# Engine
The engine is a set of algorithms that convert a data set into a position of the tag. This data set can be distances between a tag and multiple anchors (TWR) or differences of the time of arrival of tagsignals on the anchors.
# Internal or External?
The engine can run on different places. Where exactly will depend on the situation.
# On the boards
If you choose to run the system in one of the inverse modes (TDOA2 or TWR2), the engine will run on the tags so that each tag can calculate its own position.
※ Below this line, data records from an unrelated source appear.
(* Let $S\in\mathbb{R}^{n\times n}$ be real symmetric, $D\in\mathbb{R}^{r\times r}$ diagonal, and $X\in\mathbb{R}^{n\times r}$ satisfy $(S-XX^{T})X=XD$. Then there exists $Y\in\mathbb{R}^{n\times r}$ with $Y^{T}Y$ diagonal such that $(S-YY^{T})Y=YD$, $YY^{T}=XX^{T}$, and $\langle D,Y^{T}Y\rangle=\langle D,X^{T}X\rangle$.
   Context: $\langle A,B\rangle=\mathrm{tr}(A^{T}B)$. *)

theory Defs
  imports "HOL-Analysis.Analysis"
begin

definition diagonal_mat :: "real^'n^'n \<Rightarrow> bool" where
  "diagonal_mat A \<longleftrightarrow> (\<forall>i j. i \<noteq> j \<longrightarrow> A $ i $ j = 0)"

definition frob_inner :: "real^'n^'m \<Rightarrow> real^'n^'m \<Rightarrow> real" where
  "frob_inner A B = trace (transpose A ** B)"

end

theory Submission
  imports Defs
begin

text \<open>
  For \<open>G = X\<^sup>T X\<close>, multiplying the hypothesis by \<open>X\<^sup>T\<close> gives
  \<open>X\<^sup>T S X - G\<^sup>2 = G D\<close>. The left side is symmetric, so \<open>G D\<close> is symmetric, i.e. \<open>G\<close>
  commutes with \<open>D\<close>. Hence \<open>G\<close> preserves every eigenspace of \<open>D\<close> and, by the spectral
  theorem applied inside each of them, is diagonalised by an orthogonal \<open>Q\<close> whose columns are
  also eigenvectors of \<open>D\<close>, i.e. with \<open>D Q = Q D\<close>. Then \<open>Y = X Q\<close> works:
  \<open>Y Y\<^sup>T = X X\<^sup>T\<close>, \<open>(S - Y Y\<^sup>T) Y = X D Q = Y D\<close>, and
  \<open>tr (D Q\<^sup>T G Q) = tr (Q D Q\<^sup>T G) = tr (D G)\<close>.
  The spectral theorem on an invariant subspace is proved variationally: a unit vector
  maximising \<open>x \<bullet> A x\<close> over the subspace is an eigenvector.
\<close>

lemma symmetric_matrix_inner_commute:
  fixes A :: "real^'n^'n"
  assumes "transpose A = A"
  shows "x \<bullet> (A *v y) = (A *v x) \<bullet> y"
  by (metis assms dot_lmul_matrix transpose_transpose vector_transpose_matrix)

lemma symmetric_matrix_eigenvectors_orthogonal:
  fixes A :: "real^'n^'n"
  assumes "transpose A = A" "A *v x = a *\<^sub>R x" "A *v y = b *\<^sub>R y" "a \<noteq> b"
  shows "x \<bullet> y = 0"
proof -
  have "b * (x \<bullet> y) = a * (x \<bullet> y)"
    using symmetric_matrix_inner_commute[OF assms(1), of x y] assms(2,3) by simp
  then show ?thesis using assms(4) by simp
qed

lemma quadratic_nonpos_imp_linear_coeff_zero:
  fixes b c :: real
  assumes "\<And>t. 2 * t * b + t\<^sup>2 * c \<le> 0"
  shows "b = 0"
proof -
  define a where "a = \<bar>c\<bar> + 1"
  have a: "a > 0" "2 * a + c > 0" unfolding a_def by auto
  have "2 * (b / a) * b + (b / a)\<^sup>2 * c = b\<^sup>2 * (2 * a + c) / a\<^sup>2"
    using a by (simp add: field_simps power2_eq_square)
  then have "b\<^sup>2 * (2 * a + c) \<le> 0"
    using assms[of "b / a"] a by (simp add: divide_le_0_iff)
  then show "b = 0" using a by (simp add: mult_le_0_iff)
qed

lemma symmetric_matrix_maximizer_is_eigenvector:
  fixes A :: "real^'n^'n"
  assumes sym: "transpose A = A" and W: "subspace W"
    and inv: "\<And>x. x \<in> W \<Longrightarrow> A *v x \<in> W"
    and v: "v \<in> W" "v \<bullet> v = 1"
    and max: "\<And>x. x \<in> W \<Longrightarrow> x \<bullet> (A *v x) \<le> (v \<bullet> (A *v v)) * (x \<bullet> x)"
  shows "A *v v = (v \<bullet> (A *v v)) *\<^sub>R v"
proof -
  define M where "M = v \<bullet> (A *v v)"
  define w where "w = A *v v - M *\<^sub>R v"
  have w: "w \<in> W" unfolding w_def using inv v W by (simp add: subspace_diff subspace_scale)
  have ww: "w \<bullet> w = (A *v v) \<bullet> w - M * (v \<bullet> w)"
    unfolding w_def by (simp add: inner_diff_left)
  have "2 * t * (w \<bullet> w) + t\<^sup>2 * (w \<bullet> (A *v w) - M * (w \<bullet> w)) \<le> 0" for t
  proof -
    have "v + t *\<^sub>R w \<in> W" using v w W by (simp add: subspace_add subspace_scale)
    then have le: "(v + t *\<^sub>R w) \<bullet> (A *v (v + t *\<^sub>R w))
        \<le> M * ((v + t *\<^sub>R w) \<bullet> (v + t *\<^sub>R w))"
      unfolding M_def by (rule max)
    have quad: "(v + t *\<^sub>R w) \<bullet> (A *v (v + t *\<^sub>R w))
        = M + 2 * t * ((A *v v) \<bullet> w) + t\<^sup>2 * (w \<bullet> (A *v w))"
      using symmetric_matrix_inner_commute[OF sym, of v w] unfolding M_def
      by (simp add: matrix_vector_right_distrib matrix_vector_mult_scaleR inner_commute
          algebra_simps power2_eq_square)
    have norm: "(v + t *\<^sub>R w) \<bullet> (v + t *\<^sub>R w) = 1 + 2 * t * (v \<bullet> w) + t\<^sup>2 * (w \<bullet> w)"
      using v(2) by (simp add: inner_commute algebra_simps power2_eq_square)
    have "2 * t * (w \<bullet> w) + t\<^sup>2 * (w \<bullet> (A *v w) - M * (w \<bullet> w))
        = (M + 2 * t * ((A *v v) \<bullet> w) + t\<^sup>2 * (w \<bullet> (A *v w)))
          - M * (1 + 2 * t * (v \<bullet> w) + t\<^sup>2 * (w \<bullet> w))"
      unfolding ww by (simp add: algebra_simps)
    then show ?thesis using le unfolding quad norm by linarith
  qed
  then have "w \<bullet> w = 0" by (rule quadratic_nonpos_imp_linear_coeff_zero)
  then show ?thesis unfolding w_def M_def by simp
qed

lemma symmetric_matrix_has_eigenvector_in_invariant_subspace:
  fixes A :: "real^'n^'n"
  assumes sym: "transpose A = A" and W: "subspace W" "W \<noteq> {0}"
    and inv: "\<And>x. x \<in> W \<Longrightarrow> A *v x \<in> W"
  obtains v \<mu> where "v \<in> W" "norm v = 1" "A *v v = \<mu> *\<^sub>R v"
proof -
  define K where "K = W \<inter> sphere 0 1"
  define f where "f x = x \<bullet> (A *v x)" for x :: "real^'n"
  have "compact K" unfolding K_def
    by (rule closed_Int_compact) (simp_all add: closed_subspace W)
  moreover have "K \<noteq> {}"
  proof -
    obtain w where w: "w \<in> W" "w \<noteq> 0" using W subspace_0 by blast
    then have "(1 / norm w) *\<^sub>R w \<in> K" unfolding K_def using W by (simp add: subspace_scale)
    then show ?thesis by blast
  qed
  moreover have "continuous_on K f"
    unfolding f_def by (intro continuous_intros linear_continuous_on matrix_vector_mul_bounded_linear)
  ultimately obtain v where v: "v \<in> K" and v_max: "\<And>y. y \<in> K \<Longrightarrow> f y \<le> f v"
    using continuous_attains_sup by metis
  have vW: "v \<in> W" and nv: "norm v = 1" using v unfolding K_def by auto
  have "f x \<le> f v * (x \<bullet> x)" if x: "x \<in> W" for x
  proof (cases "x = 0")
    case False
    have "f ((1 / norm x) *\<^sub>R x) \<le> f v"
      using x False W by (intro v_max) (simp add: K_def subspace_scale)
    moreover have "f ((1 / norm x) *\<^sub>R x) = f x / (x \<bullet> x)"
      unfolding f_def by (simp add: matrix_vector_mult_scaleR dot_square_norm power2_eq_square)
    ultimately show ?thesis using False by (simp add: divide_le_eq)
  qed (simp add: f_def)
  then have "A *v v = f v *\<^sub>R v"
    using nv unfolding f_def
    by (intro symmetric_matrix_maximizer_is_eigenvector[OF sym W(1) inv vW]) (auto simp: norm_eq_1)
  then show ?thesis using that vW nv by blast
qed

lemma symmetric_matrix_orthonormal_eigenbasis:
  fixes A :: "real^'n^'n"
  assumes sym: "transpose A = A"
  shows "subspace W \<Longrightarrow> (\<And>x. x \<in> W \<Longrightarrow> A *v x \<in> W) \<Longrightarrow>
    \<exists>B \<subseteq> W. span B = W \<and> pairwise orthogonal B
      \<and> (\<forall>u\<in>B. norm u = 1 \<and> (\<exists>\<mu>. A *v u = \<mu> *\<^sub>R u))"
proof (induction "dim W" arbitrary: W rule: less_induct)
  case less
  show ?case
  proof (cases "W = {0}")
    case True
    then show ?thesis by (intro exI[of _ "{}"]) auto
  next
    case False
    obtain v \<mu> where v: "v \<in> W" "norm v = 1" "A *v v = \<mu> *\<^sub>R v"
      using symmetric_matrix_has_eigenvector_in_invariant_subspace[OF sym less.prems(1) False less.prems(2)] .
    have vv: "v \<bullet> v = 1" using v(2) by (simp add: norm_eq_1)
    define W' where "W' = W \<inter> {x. v \<bullet> x = 0}"
    have W': "subspace W'" unfolding W'_def
      by (intro subspace_inter less.prems(1) subspace_hyperplane)
    have inv': "A *v x \<in> W'" if "x \<in> W'" for x
    proof -
      have "v \<bullet> (A *v x) = \<mu> * (v \<bullet> x)"
        using symmetric_matrix_inner_commute[OF sym, of v x] v(3) by simp
      then show ?thesis using that less.prems(2) unfolding W'_def by auto
    qed
    have "v \<notin> W'" using vv unfolding W'_def by simp
    then have "W' \<subset> W" using v(1) unfolding W'_def by blast
    then have "dim W' < dim W"
      using dim_psubset span_eq_iff W' less.prems(1) by metis
    then obtain B' where B': "B' \<subseteq> W'" "span B' = W'" "pairwise orthogonal B'"
      "\<forall>u\<in>B'. norm u = 1 \<and> (\<exists>\<mu>. A *v u = \<mu> *\<^sub>R u)"
      using less.hyps[OF _ W' inv'] by blast
    have "W \<subseteq> span (insert v B')"
    proof
      fix x assume "x \<in> W"
      then have "x - (v \<bullet> x) *\<^sub>R v \<in> span B'"
        unfolding B'(2) W'_def using v(1) vv less.prems(1)
        by (simp add: subspace_diff subspace_scale inner_diff_right)
      then have "x - (v \<bullet> x) *\<^sub>R v + (v \<bullet> x) *\<^sub>R v \<in> span (insert v B')"
        by (meson span_add span_base span_mono span_scale insertI1 subset_insertI subsetD)
      then show "x \<in> span (insert v B')" by simp
    qed
    moreover have "insert v B' \<subseteq> W" using B'(1) v(1) unfolding W'_def by auto
    moreover then have "span (insert v B') \<subseteq> W" using less.prems(1) by (simp add: span_minimal)
    moreover have "pairwise orthogonal (insert v B')"
      using B'(1,3) unfolding W'_def by (auto simp: pairwise_insert orthogonal_def inner_commute)
    ultimately show ?thesis using B'(4) v by (intro exI[of _ "insert v B'"]) auto
  qed
qed

definition eigenspace :: "real^'n^'n \<Rightarrow> real \<Rightarrow> (real^'n) set" where
  "eigenspace A c = {x. A *v x = c *\<^sub>R x}"

lemma subspace_eigenspace: "subspace (eigenspace A c)"
  by (auto simp: subspace_def eigenspace_def matrix_vector_right_distrib matrix_vector_mult_scaleR
      scaleR_add_right)

lemma eigenspace_invariant_commuting:
  assumes "A ** G = G ** A" "x \<in> eigenspace A c"
  shows "G *v x \<in> eigenspace A c"
proof -
  have "A *v (G *v x) = G *v (A *v x)"
    by (simp add: matrix_vector_mul_assoc assms(1))
  then show ?thesis using assms(2) by (simp add: eigenspace_def matrix_vector_mult_scaleR)
qed

lemma diagonal_mat_transpose: "diagonal_mat D \<Longrightarrow> transpose D = D"
  unfolding diagonal_mat_def transpose_def vec_eq_iff by (metis vec_lambda_beta)

lemma diagonal_mat_vector_mult: "diagonal_mat D \<Longrightarrow> (D *v x) $ i = D $ i $ i * x $ i"
  unfolding diagonal_mat_def matrix_vector_mult_def
  by (simp add: sum.remove[of UNIV i] sum.neutral)

lemma diagonal_mat_mult_left: "diagonal_mat D \<Longrightarrow> (D ** M) $ i $ j = D $ i $ i * M $ i $ j"
  unfolding diagonal_mat_def matrix_matrix_mult_def
  by (simp add: sum.remove[of UNIV i] sum.neutral)

lemma diagonal_mat_mult_right: "diagonal_mat D \<Longrightarrow> (M ** D) $ i $ j = M $ i $ j * D $ j $ j"
  unfolding diagonal_mat_def matrix_matrix_mult_def
  by (simp add: sum.remove[of UNIV j] sum.neutral)

lemma eigenspace_diagonal_mat:
  "diagonal_mat D \<Longrightarrow> eigenspace D c = {x. \<forall>i. D $ i $ i \<noteq> c \<longrightarrow> x $ i = 0}"
  by (auto simp: eigenspace_def vec_eq_iff diagonal_mat_vector_mult)

lemma dim_eigenspace_diagonal_mat:
  "diagonal_mat D \<Longrightarrow> dim (eigenspace D c) = card {k. D $ k $ k = c}"
  using dim_substandard_cart[where 'a=real, of "{k. D $ k $ k = c}"]
  by (simp add: eigenspace_diagonal_mat dim_vec_eq)

lemma transpose_mult_entry:
  fixes A :: "real^'m^'n"
  shows "(transpose A ** B) $ i $ j = column i A \<bullet> column j B"
  by (simp add: matrix_matrix_mult_def transpose_def column_def inner_vec_def)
For low-end systems (not too many anchors and tags), the engine can also run on one of the anchors when in one of the normal modes.
# Internal Engine
As soon as the amount of anchors and tags grows however, the calculation power of the anchor will not be sufficient (since it also has to do many other tasks). In that case we will switch to running the engine on the PC. Here it can run from within the data collection program (Engine).
# External Engine
You can also implement your own positioning engine. Such an external engine preferably runs within the same network and connect to Engine via a UDP connection. The raw data is then distributed over all connected external engines, crunched and forged into positions and (optionally) fed back to Engine.
# Mathematics
The RTLOC engine supports two localization techniques: trilateration and multilateration.
Note
We have some descriptions and a comparison of the algorithms here.
# Trilateration
Trilateration offers a solution for TWR problems. When you have a set of distances from tag to multiple anchors, the trilateration algorithm calculates the position of the tag from these distances.
# Multilateration
Multilateration offers a solution for the TDOA problem. You have Time Difference of Arrivals as input. These can be mapped on hyperbolas. The position of the tag is at the intersection of these hyperbolas.